:: What you are asked to do ::
From the entries that follow, copy each line in which "orth" appears.

%%

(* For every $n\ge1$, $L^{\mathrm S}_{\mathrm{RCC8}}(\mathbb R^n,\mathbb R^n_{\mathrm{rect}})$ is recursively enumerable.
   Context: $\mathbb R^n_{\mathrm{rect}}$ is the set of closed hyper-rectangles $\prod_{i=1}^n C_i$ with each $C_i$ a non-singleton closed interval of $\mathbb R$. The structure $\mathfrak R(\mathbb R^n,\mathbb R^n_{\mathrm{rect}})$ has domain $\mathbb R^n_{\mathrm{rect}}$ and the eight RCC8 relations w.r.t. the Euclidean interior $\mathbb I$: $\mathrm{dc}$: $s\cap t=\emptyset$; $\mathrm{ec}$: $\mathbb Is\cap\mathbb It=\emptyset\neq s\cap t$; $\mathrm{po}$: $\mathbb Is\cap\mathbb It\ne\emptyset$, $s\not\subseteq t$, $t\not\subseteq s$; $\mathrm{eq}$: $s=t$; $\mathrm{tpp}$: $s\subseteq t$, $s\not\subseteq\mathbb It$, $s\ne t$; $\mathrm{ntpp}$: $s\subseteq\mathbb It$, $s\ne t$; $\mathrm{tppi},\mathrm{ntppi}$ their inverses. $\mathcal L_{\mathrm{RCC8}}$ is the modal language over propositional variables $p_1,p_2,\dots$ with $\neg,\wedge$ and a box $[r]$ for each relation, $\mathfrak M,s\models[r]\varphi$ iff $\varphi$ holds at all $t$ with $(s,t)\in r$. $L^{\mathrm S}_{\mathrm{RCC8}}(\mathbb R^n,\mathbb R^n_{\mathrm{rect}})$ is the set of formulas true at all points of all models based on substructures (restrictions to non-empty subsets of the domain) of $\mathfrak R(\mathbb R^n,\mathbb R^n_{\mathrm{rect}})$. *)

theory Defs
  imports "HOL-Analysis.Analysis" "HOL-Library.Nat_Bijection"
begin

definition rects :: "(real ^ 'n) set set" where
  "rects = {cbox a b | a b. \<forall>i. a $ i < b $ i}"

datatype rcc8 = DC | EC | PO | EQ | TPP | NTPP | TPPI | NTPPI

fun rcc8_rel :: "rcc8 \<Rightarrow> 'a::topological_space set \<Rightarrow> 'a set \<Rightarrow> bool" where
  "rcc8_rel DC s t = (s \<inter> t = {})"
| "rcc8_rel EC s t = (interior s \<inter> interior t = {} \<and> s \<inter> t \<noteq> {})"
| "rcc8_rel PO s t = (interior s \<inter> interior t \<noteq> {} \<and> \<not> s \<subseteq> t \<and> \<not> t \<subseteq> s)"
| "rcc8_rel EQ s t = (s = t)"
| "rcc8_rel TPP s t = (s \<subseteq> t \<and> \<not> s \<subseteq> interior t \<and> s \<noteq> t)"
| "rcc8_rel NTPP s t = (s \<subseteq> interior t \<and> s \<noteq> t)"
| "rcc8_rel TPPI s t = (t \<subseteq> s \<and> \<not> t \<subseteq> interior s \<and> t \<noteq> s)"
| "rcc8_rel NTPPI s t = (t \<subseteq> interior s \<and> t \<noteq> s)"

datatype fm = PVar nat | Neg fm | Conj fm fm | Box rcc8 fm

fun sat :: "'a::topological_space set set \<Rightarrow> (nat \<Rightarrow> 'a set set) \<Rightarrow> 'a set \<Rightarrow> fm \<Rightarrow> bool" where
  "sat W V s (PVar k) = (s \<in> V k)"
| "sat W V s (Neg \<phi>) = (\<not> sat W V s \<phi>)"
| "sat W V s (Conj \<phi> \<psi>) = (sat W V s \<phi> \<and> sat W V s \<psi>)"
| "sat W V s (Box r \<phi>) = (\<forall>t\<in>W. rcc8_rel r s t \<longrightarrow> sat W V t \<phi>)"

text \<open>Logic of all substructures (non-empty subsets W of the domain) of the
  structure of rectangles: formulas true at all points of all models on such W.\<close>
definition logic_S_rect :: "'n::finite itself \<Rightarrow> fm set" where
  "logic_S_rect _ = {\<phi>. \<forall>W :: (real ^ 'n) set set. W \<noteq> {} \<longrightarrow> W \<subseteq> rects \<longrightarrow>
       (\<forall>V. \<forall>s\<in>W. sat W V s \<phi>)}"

%%
%%

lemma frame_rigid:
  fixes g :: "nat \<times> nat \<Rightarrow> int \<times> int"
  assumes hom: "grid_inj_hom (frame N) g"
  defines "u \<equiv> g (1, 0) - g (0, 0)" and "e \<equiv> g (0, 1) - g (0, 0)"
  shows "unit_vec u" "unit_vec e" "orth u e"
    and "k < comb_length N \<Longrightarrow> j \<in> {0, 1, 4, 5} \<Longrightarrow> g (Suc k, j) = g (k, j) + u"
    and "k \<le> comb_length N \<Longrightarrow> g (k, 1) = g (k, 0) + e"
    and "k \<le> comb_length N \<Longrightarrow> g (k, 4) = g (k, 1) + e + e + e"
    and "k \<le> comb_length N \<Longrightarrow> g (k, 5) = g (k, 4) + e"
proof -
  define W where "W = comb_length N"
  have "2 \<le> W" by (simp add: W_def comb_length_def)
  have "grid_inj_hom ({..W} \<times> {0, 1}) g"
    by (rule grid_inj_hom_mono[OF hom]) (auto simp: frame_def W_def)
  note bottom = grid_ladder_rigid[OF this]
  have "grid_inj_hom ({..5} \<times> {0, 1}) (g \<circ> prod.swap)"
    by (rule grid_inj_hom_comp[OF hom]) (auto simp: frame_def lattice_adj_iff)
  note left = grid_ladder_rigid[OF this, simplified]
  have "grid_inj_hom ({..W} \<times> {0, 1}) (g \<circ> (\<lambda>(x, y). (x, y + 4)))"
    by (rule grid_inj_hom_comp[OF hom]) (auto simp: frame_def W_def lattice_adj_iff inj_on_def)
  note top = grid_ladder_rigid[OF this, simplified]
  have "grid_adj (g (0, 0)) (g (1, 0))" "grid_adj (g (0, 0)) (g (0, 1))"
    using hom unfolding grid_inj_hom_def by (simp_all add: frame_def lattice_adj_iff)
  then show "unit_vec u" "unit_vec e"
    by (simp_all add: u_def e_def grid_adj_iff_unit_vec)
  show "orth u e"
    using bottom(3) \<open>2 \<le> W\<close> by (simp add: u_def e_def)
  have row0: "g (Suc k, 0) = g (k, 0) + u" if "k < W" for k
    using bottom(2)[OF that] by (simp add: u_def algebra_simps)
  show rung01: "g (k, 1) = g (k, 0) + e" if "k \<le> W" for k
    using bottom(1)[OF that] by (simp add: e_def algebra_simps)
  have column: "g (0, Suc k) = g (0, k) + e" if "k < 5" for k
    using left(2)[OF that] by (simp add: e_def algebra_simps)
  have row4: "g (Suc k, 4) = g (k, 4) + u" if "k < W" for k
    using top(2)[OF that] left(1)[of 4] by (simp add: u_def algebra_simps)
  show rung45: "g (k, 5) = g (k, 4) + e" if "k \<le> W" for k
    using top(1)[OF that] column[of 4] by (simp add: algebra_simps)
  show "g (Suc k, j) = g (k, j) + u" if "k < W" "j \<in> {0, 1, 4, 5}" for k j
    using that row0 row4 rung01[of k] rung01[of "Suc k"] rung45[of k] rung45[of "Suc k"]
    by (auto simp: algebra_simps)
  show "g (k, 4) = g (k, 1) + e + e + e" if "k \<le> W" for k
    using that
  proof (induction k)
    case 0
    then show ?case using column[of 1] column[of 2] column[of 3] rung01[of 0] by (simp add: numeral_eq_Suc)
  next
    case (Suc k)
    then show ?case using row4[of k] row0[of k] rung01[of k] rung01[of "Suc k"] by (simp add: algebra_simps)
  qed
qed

%%
%%

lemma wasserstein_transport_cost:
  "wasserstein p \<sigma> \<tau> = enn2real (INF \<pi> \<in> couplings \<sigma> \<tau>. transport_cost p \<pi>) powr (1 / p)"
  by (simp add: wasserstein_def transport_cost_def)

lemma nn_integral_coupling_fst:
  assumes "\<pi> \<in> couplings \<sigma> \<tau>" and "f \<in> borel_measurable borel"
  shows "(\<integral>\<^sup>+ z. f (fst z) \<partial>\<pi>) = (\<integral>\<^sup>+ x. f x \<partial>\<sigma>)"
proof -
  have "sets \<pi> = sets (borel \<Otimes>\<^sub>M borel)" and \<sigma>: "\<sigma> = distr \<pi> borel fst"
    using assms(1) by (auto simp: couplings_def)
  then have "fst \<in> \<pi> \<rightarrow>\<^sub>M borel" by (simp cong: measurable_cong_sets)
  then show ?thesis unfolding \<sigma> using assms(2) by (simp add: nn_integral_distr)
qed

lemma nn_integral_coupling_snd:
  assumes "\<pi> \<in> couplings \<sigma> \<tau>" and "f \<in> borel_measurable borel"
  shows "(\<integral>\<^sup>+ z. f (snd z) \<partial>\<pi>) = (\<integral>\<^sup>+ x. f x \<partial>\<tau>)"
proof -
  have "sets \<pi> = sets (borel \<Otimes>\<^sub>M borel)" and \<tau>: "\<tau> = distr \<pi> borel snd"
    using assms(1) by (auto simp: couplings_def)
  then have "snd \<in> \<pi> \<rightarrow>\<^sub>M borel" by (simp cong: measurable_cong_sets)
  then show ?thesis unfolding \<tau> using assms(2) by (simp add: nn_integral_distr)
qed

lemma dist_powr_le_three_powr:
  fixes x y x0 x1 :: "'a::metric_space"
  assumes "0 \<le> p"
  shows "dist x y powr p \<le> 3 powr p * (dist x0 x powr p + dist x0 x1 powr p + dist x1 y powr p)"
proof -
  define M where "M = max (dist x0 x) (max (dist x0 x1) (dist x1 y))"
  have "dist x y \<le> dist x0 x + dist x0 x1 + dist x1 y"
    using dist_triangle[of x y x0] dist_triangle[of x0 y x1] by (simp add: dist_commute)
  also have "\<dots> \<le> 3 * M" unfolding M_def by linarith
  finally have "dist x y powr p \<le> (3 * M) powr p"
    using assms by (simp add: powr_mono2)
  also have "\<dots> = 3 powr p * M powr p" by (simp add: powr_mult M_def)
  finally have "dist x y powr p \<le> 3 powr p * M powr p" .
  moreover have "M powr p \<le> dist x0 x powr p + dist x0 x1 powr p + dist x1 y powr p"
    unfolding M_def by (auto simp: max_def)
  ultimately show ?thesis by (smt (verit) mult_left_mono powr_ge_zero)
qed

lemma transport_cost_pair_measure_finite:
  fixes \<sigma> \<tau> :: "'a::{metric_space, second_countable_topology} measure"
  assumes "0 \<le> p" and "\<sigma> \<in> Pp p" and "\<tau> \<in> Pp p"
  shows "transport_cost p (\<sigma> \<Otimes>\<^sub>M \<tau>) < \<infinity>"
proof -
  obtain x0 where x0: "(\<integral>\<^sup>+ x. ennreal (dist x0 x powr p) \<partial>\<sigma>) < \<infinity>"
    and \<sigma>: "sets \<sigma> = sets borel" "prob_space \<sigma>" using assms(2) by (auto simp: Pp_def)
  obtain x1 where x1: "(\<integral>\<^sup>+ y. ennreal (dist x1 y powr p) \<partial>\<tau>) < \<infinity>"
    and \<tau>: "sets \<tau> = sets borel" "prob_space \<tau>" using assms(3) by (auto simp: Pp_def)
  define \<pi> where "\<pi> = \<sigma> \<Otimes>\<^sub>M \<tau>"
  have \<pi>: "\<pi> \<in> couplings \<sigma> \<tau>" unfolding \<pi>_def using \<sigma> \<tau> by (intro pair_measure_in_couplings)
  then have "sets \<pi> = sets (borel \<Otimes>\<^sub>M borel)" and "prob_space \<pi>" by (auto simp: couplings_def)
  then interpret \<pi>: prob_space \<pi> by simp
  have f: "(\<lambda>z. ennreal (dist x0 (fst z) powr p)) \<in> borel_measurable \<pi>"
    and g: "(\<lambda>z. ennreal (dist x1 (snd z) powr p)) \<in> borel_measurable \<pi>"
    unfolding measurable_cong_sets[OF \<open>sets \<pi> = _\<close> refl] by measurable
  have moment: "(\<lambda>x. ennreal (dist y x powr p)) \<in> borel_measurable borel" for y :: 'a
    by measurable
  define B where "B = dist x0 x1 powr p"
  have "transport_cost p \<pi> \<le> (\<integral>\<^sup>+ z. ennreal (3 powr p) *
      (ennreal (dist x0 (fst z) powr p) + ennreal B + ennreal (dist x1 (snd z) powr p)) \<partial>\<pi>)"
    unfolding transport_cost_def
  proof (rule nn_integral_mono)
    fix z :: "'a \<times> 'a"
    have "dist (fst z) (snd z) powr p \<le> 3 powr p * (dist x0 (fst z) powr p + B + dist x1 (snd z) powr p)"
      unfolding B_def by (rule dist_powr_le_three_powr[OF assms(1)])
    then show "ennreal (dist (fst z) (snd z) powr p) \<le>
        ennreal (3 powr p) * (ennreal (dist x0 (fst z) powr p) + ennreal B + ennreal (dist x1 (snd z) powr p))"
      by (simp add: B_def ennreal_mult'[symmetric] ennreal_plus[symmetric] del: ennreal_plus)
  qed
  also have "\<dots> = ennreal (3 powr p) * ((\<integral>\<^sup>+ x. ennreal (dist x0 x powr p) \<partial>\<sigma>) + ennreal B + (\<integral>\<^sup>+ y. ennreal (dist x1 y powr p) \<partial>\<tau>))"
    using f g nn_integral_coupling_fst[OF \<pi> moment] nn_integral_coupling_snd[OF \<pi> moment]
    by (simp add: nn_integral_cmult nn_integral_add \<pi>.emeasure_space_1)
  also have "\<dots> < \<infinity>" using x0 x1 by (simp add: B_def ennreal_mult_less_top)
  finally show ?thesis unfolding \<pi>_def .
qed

%%

:: Solution to this problem ::
  shows "unit_vec u" "unit_vec e" "orth u e"
  show "orth u e"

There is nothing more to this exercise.